As she pursued physics in at the University of Puerto Rico's Río Piedras campus, she also studied music at the Conservatory of Music of Puerto Rico, earning a degree in musical performance at the same time that she finished her physics master's degree. Though she specialized in piano performance, her true musical passion became playing harpsichord with Baroque groups.
Her love of music crescendoed, but her career path clung to science. While working on her Ph.D. at the Massachusetts Institute of Technology, she found advisor Robert Birgeneau, whose zeal for liquid crystal science won her over. "He had a way of being very enthusiastic, very animated about this field," she recalls. That enthusiasm stayed with her through her work at the University of California at Berkeley, the Naval Research Laboratory, and other locations, before landing at the University of Maryland.

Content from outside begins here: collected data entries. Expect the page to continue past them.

(* For every $\boldsymbol{\Delta}^0_2$ set $A\subseteq2^\omega$ there is a set $B\subseteq2^\omega$ with $B\equiv_W A$ such that $B$ is dualistic and $B=\Phi(C)=\Phi(U)$ for some closed set $C$ and some open set $U$.
   Context: $2^\omega$ is the Cantor space; $N_s=\{x:s\subset x\}$; $\mu$ the coin-tossing measure with $\mu(N_s)=2^{-\mathrm{lh}(s)}$. For measurable $A$ and $x\in2^\omega$, the density of $x$ in $A$ is $\mathcal D_A(x)=\lim_n\mu(A\cap N_{x\restriction n})/\mu(N_{x\restriction n})$ when the limit exists; $\Phi(A)=\{x:\mathcal D_A(x)=1\}$. A measurable set $B$ is dualistic if for every $x\in2^\omega$, $\mathcal D_B(x)$ exists and equals $0$ or $1$. $\boldsymbol{\Delta}^0_2$: sets both $F_\sigma$ and $G_\delta$. $X\equiv_W Y$ iff each is the preimage of the other under some continuous map $2^\omega\to2^\omega$. *)

theory Defs
  imports "HOL-Probability.Probability"
begin

text \<open>Cantor space is modelled by the type nat \<Rightarrow> bool with the product
  (Tychonoff) topology of discrete bool.\<close>

type_synonym cantor = "nat \<Rightarrow> bool"

definition Nbhd :: "bool list \<Rightarrow> cantor set" where
  "Nbhd s = {x. \<forall>i < length s. x i = s ! i}"

definition restr :: "cantor \<Rightarrow> nat \<Rightarrow> bool list" where
  "restr x n = map x [0..<n]"

text \<open>Coin-tossing measure (completed, so that "measurable" means
  measurable with respect to the completion).\<close>
definition mu :: "cantor measure" where
  "mu = completion (Pi\<^sub>M UNIV (\<lambda>_. measure_pmf (bernoulli_pmf (1/2))))"

definition density_seq :: "cantor set \<Rightarrow> cantor \<Rightarrow> nat \<Rightarrow> real" where
  "density_seq A x n = measure mu (A \<inter> Nbhd (restr x n)) / measure mu (Nbhd (restr x n))"

definition has_density :: "cantor set \<Rightarrow> cantor \<Rightarrow> real \<Rightarrow> bool" where
  "has_density A x d \<longleftrightarrow> density_seq A x \<longlonglongrightarrow> d"

definition Phi :: "cantor set \<Rightarrow> cantor set" where
  "Phi A = {x. has_density A x 1}"

definition dualistic :: "cantor set \<Rightarrow> bool" where
  "dualistic B \<longleftrightarrow> B \<in> sets mu \<and> (\<forall>x. has_density B x 0 \<or> has_density B x 1)"

definition Delta02 :: "cantor set \<Rightarrow> bool" where
  "Delta02 A \<longleftrightarrow> fsigma_in euclidean A \<and> gdelta_in euclidean A"

definition wadge_le :: "cantor set \<Rightarrow> cantor set \<Rightarrow> bool" where
  "wadge_le X Y \<longleftrightarrow> (\<exists>f :: cantor \<Rightarrow> cantor. continuous_on UNIV f \<and> X = f -` Y)"

definition wadge_eq :: "cantor set \<Rightarrow> cantor set \<Rightarrow> bool" where
  "wadge_eq X Y \<longleftrightarrow> wadge_le X Y \<and> wadge_le Y X"

end

theory Submission
  imports Defs
begin
lemma reward_bounds_model:
  assumes "M \<in> models Obs" and "x \<in> space (M \<pi>)"
  shows "0 \<le> fst x \<and> fst x \<le> 1"
  using assms(2) sets_eq_imp_space_eq[OF modelsD(2)[OF assms(1)]] by (auto simp: space_RO)

lemma fval_bounds:
  assumes "M \<in> models Obs"
  shows "0 \<le> fval M \<pi> \<and> fval M \<pi> \<le> 1"
proof -
  interpret prob_space "M \<pi>"
    using modelsD(1)[OF assms] .
  have "integrable (M \<pi>) fst"
    using measurable_reward_model[OF assms] reward_bounds_model[OF assms]
    by (intro integrable_const_bound[of _ 1]) auto
  then have "fval M \<pi> \<le> (\<integral>x. 1 \<partial>M \<pi>)"
    unfolding fval_def using reward_bounds_model[OF assms] by (intro integral_mono) auto
  moreover have "0 \<le> fval M \<pi>"
    unfolding fval_def using reward_bounds_model[OF assms] by (intro Bochner_Integration.integral_nonneg) auto
  ultimately show ?thesis
    by (simp add: prob_space)
qed

lemma gap_bounds:
  assumes "M \<in> models Obs"
  shows "0 \<le> gap M \<pi> \<and> gap M \<pi> \<le> 1"
proof -
  have "bdd_above (range (fval M))"
    using fval_bounds[OF assms] by (intro bdd_aboveI[of _ 1]) auto
  then have "fval M \<pi> \<le> fstar M"
    unfolding fstar_def by (intro cSUP_upper) auto
  moreover have "fstar M \<le> 1"
    unfolding fstar_def using fval_bounds[OF assms] by (intro cSUP_least) auto
  ultimately show ?thesis
    using fval_bounds[OF assms, of \<pi>] by (simp add: gap_def)
qed

lemma fval_diff_le_hellinger_sq:
  assumes "M \<in> models Obs" "M' \<in> models Obs" "0 < \<gamma>"
  shows "fval M' \<pi> - fval M \<pi> \<le> \<gamma>/2 * hellinger_sq (M \<pi>) (M' \<pi>) + 1 / (2 * \<gamma>)"
  unfolding fval_def
  using modelsD[OF assms(1)] modelsD[OF assms(2)] measurable_reward_model[OF assms(1)]
    reward_bounds_model[OF assms(1)] assms(3)
  by (intro integral_diff_le_hellinger_sq) auto

lemma gap_le_gap_add_hellinger_sq:
  assumes "M \<in> models Obs" "Mbar \<in> models Obs" "0 < \<gamma>" and "fstar M \<le> fstar Mbar + \<alpha>"
  shows "gap M \<pi> \<le> gap Mbar \<pi> + \<alpha> + \<gamma>/2 * hellinger_sq (M \<pi>) (Mbar \<pi>) + 1 / (2 * \<gamma>)"
  using fval_diff_le_hellinger_sq[OF assms(1-3), of \<pi>] assms(4) by (simp add: gap_def)

section \<open>Decision-estimation coefficients\<close>

definition constrained_regrets ::
    "('p \<Rightarrow> (real \<times> 'o) measure) set \<Rightarrow> ('p \<Rightarrow> (real \<times> 'o) measure) \<Rightarrow> real \<Rightarrow> 'p pmf
     \<Rightarrow> real set" where
  "constrained_regrets Mc Mbar \<epsilon> p =
     {Ep p (gap M) | M. M \<in> Mc \<and> Ep p (\<lambda>\<pi>. hellinger_sq (M \<pi>) (Mbar \<pi>)) \<le> \<epsilon>\<^sup>2}"

definition offset_regret ::
    "('p \<Rightarrow> (real \<times> 'o) measure) \<Rightarrow> real \<Rightarrow> 'p pmf \<Rightarrow> ('p \<Rightarrow> (real \<times> 'o) measure) \<Rightarrow> real" where
  "offset_regret Mbar \<gamma> p M = Ep p (\<lambda>\<pi>. gap M \<pi> - \<gamma> * hellinger_sq (M \<pi>) (Mbar \<pi>))"

lemma integrable_pmf_bounded:
  fixes f :: "'a \<Rightarrow> real"
  assumes "\<And>x. \<bar>f x\<bar> \<le> B"
  shows "integrable (measure_pmf p) f"
  using assms by (intro measure_pmf.integrable_const_bound[where B = B]) auto

lemma integrable_gap:
  assumes "M \<in> models Obs"
  shows "integrable (measure_pmf p) (gap M)"
  using gap_bounds[OF assms] by (intro integrable_pmf_bounded[of _ 1]) auto

lemma integrable_hellinger_sq_models:
  assumes "M \<in> models Obs" "M' \<in> models Obs"
  shows "integrable (measure_pmf p) (\<lambda>\<pi>. hellinger_sq (M \<pi>) (M' \<pi>))"
  using modelsD[OF assms(1)] modelsD[OF assms(2)]
  by (intro integrable_pmf_bounded[of _ 2]) (simp add: hellinger_sq_nonneg hellinger_sq_le_2)

lemma Ep_gap_bounds:
  assumes "M \<in> models Obs"
  shows "0 \<le> Ep p (gap M) \<and> Ep p (gap M) \<le> 1"
  unfolding Ep_def using gap_bounds[OF assms] integrable_gap[OF assms]
  by (auto intro: Bochner_Integration.integral_nonneg measure_pmf.integral_le_const)

lemma Ep_gap_le_Sup_constrained_regrets:
  assumes "Mc \<subseteq> models Obs" "M \<in> Mc" "Ep p (\<lambda>\<pi>. hellinger_sq (M \<pi>) (Mbar \<pi>)) \<le> \<epsilon>\<^sup>2"
  shows "Ep p (gap M) \<le> Sup (constrained_regrets Mc Mbar \<epsilon> p)"
proof (rule cSup_upper)
  show "Ep p (gap M) \<in> constrained_regrets Mc Mbar \<epsilon> p"
    using assms(2,3) unfolding constrained_regrets_def by blast
  show "bdd_above (constrained_regrets Mc Mbar \<epsilon> p)"
    unfolding constrained_regrets_def using assms(1) Ep_gap_bounds
    by (intro bdd_aboveI[of _ 1]) blast
qed

lemma dec_c_eq_INF_Sup:
  assumes "Mbar \<in> Mc"
  shows "dec_c Mc Mbar \<epsilon> = (INF p. Sup (constrained_regrets Mc Mbar \<epsilon> p))"
proof -
  have "constrained_regrets Mc Mbar \<epsilon> p \<noteq> {}" for p
    using assms unfolding constrained_regrets_def by (auto simp: Ep_def)
  then show ?thesis
    unfolding dec_c_def constrained_regrets_def[symmetric] by simp
qed

lemma offset_regret_le_Sup_constrained_regrets:
  assumes Mc: "Mc \<subseteq> models Obs" and "Mbar \<in> Mc" "M \<in> Mc" "0 < \<gamma>"
    and localization: "fstar M \<le> fstar Mbar + \<alpha>"
  shows "offset_regret Mbar \<gamma> p M
    \<le> Sup (constrained_regrets Mc Mbar \<epsilon> p) + max 0 (\<alpha> + 1 / (2 * \<gamma>) - \<gamma> * \<epsilon>\<^sup>2 / 2)"
proof -
  define H where "H = (\<lambda>\<pi>. hellinger_sq (M \<pi>) (Mbar \<pi>))"
  have models: "M \<in> models Obs" "Mbar \<in> models Obs"
    using assms by auto
  note integrable_terms = integrable_gap[OF models(1)] integrable_gap[OF models(2)]
    integrable_hellinger_sq_models[OF models, folded H_def]
  have "0 \<le> Ep p H"
    unfolding Ep_def H_def by (intro Bochner_Integration.integral_nonneg) (simp add: hellinger_sq_nonneg)
  have offset: "offset_regret Mbar \<gamma> p M = Ep p (gap M) - \<gamma> * Ep p H"
    unfolding offset_regret_def Ep_def using integrable_terms by (simp add: H_def)
  show ?thesis
  proof (cases "Ep p H \<le> \<epsilon>\<^sup>2")
    case True
    then have "Ep p (gap M) \<le> Sup (constrained_regrets Mc Mbar \<epsilon> p)"
      using Ep_gap_le_Sup_constrained_regrets[OF Mc \<open>M \<in> Mc\<close>] by (simp add: H_def)
    then show ?thesis
      using offset \<open>0 \<le> Ep p H\<close> \<open>0 < \<gamma>\<close> by (smt (verit) max.cobounded1 mult_nonneg_nonneg)
  next
    case False
    \<comment> \<open>half of the offset penalty pays for replacing \<open>M\<close> by \<open>Mbar\<close>\<close>
    have "gap M \<pi> - \<gamma> * H \<pi> \<le> gap Mbar \<pi> + \<alpha> + 1 / (2 * \<gamma>) - \<gamma>/2 * H \<pi>" for \<pi>
      using gap_le_gap_add_hellinger_sq[OF models \<open>0 < \<gamma>\<close> localization, of \<pi>] by (simp add: H_def)
    then have "offset_regret Mbar \<gamma> p M \<le> Ep p (\<lambda>\<pi>. gap Mbar \<pi> + \<alpha> + 1 / (2 * \<gamma>) - \<gamma>/2 * H \<pi>)"
      unfolding offset_regret_def Ep_def using integrable_terms
      by (intro integral_mono) (auto simp: H_def)
    also have "\<dots> = Ep p (gap Mbar) + \<alpha> + 1 / (2 * \<gamma>) - \<gamma>/2 * Ep p H"
      unfolding Ep_def using integrable_terms by simp
    also have "\<dots> \<le> Sup (constrained_regrets Mc Mbar \<epsilon> p) + (\<alpha> + 1 / (2 * \<gamma>) - \<gamma> * \<epsilon>\<^sup>2 / 2)"
    proof -
      have "\<gamma> * \<epsilon>\<^sup>2 \<le> \<gamma> * Ep p H"
        using False \<open>0 < \<gamma>\<close> by (intro mult_left_mono) auto
      then show ?thesis
        using Ep_gap_le_Sup_constrained_regrets[OF Mc \<open>Mbar \<in> Mc\<close>, of p Mbar \<epsilon>]
        by (simp add: Ep_def)
    qed
    finally show ?thesis
      by simp
  qed
qed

International conferences have lured her around the world. Last year, Martínez-Miranda and collaborators organized a National Science Foundation-sponsored physics conference in Puerto Rico for people from all over the Americas; a similar 2014 Argentina conference is in planning stages. This spring, in South Africa, she was part of the U.S. delegation at the International Union of Pure and Applied Physics' International Conference on Women in Physics.
"We have more young women going into physics and the engineering fields," Martínez-Miranda says, but change has been gradual. She recalls listening to a discussion on women in science about five years ago, and heard the same complaints of women scientists in the 1980s — including one woman scientist who reported feeling ignored by male colleagues, who assumed she had a non-leadership role. "I thought that we had crossed a threshold, but we're not quite there yet," Martínez-Miranda says.
It helps, though, when a student sees a scientist role model that looks like him or her: "They feel like they can make it," she says.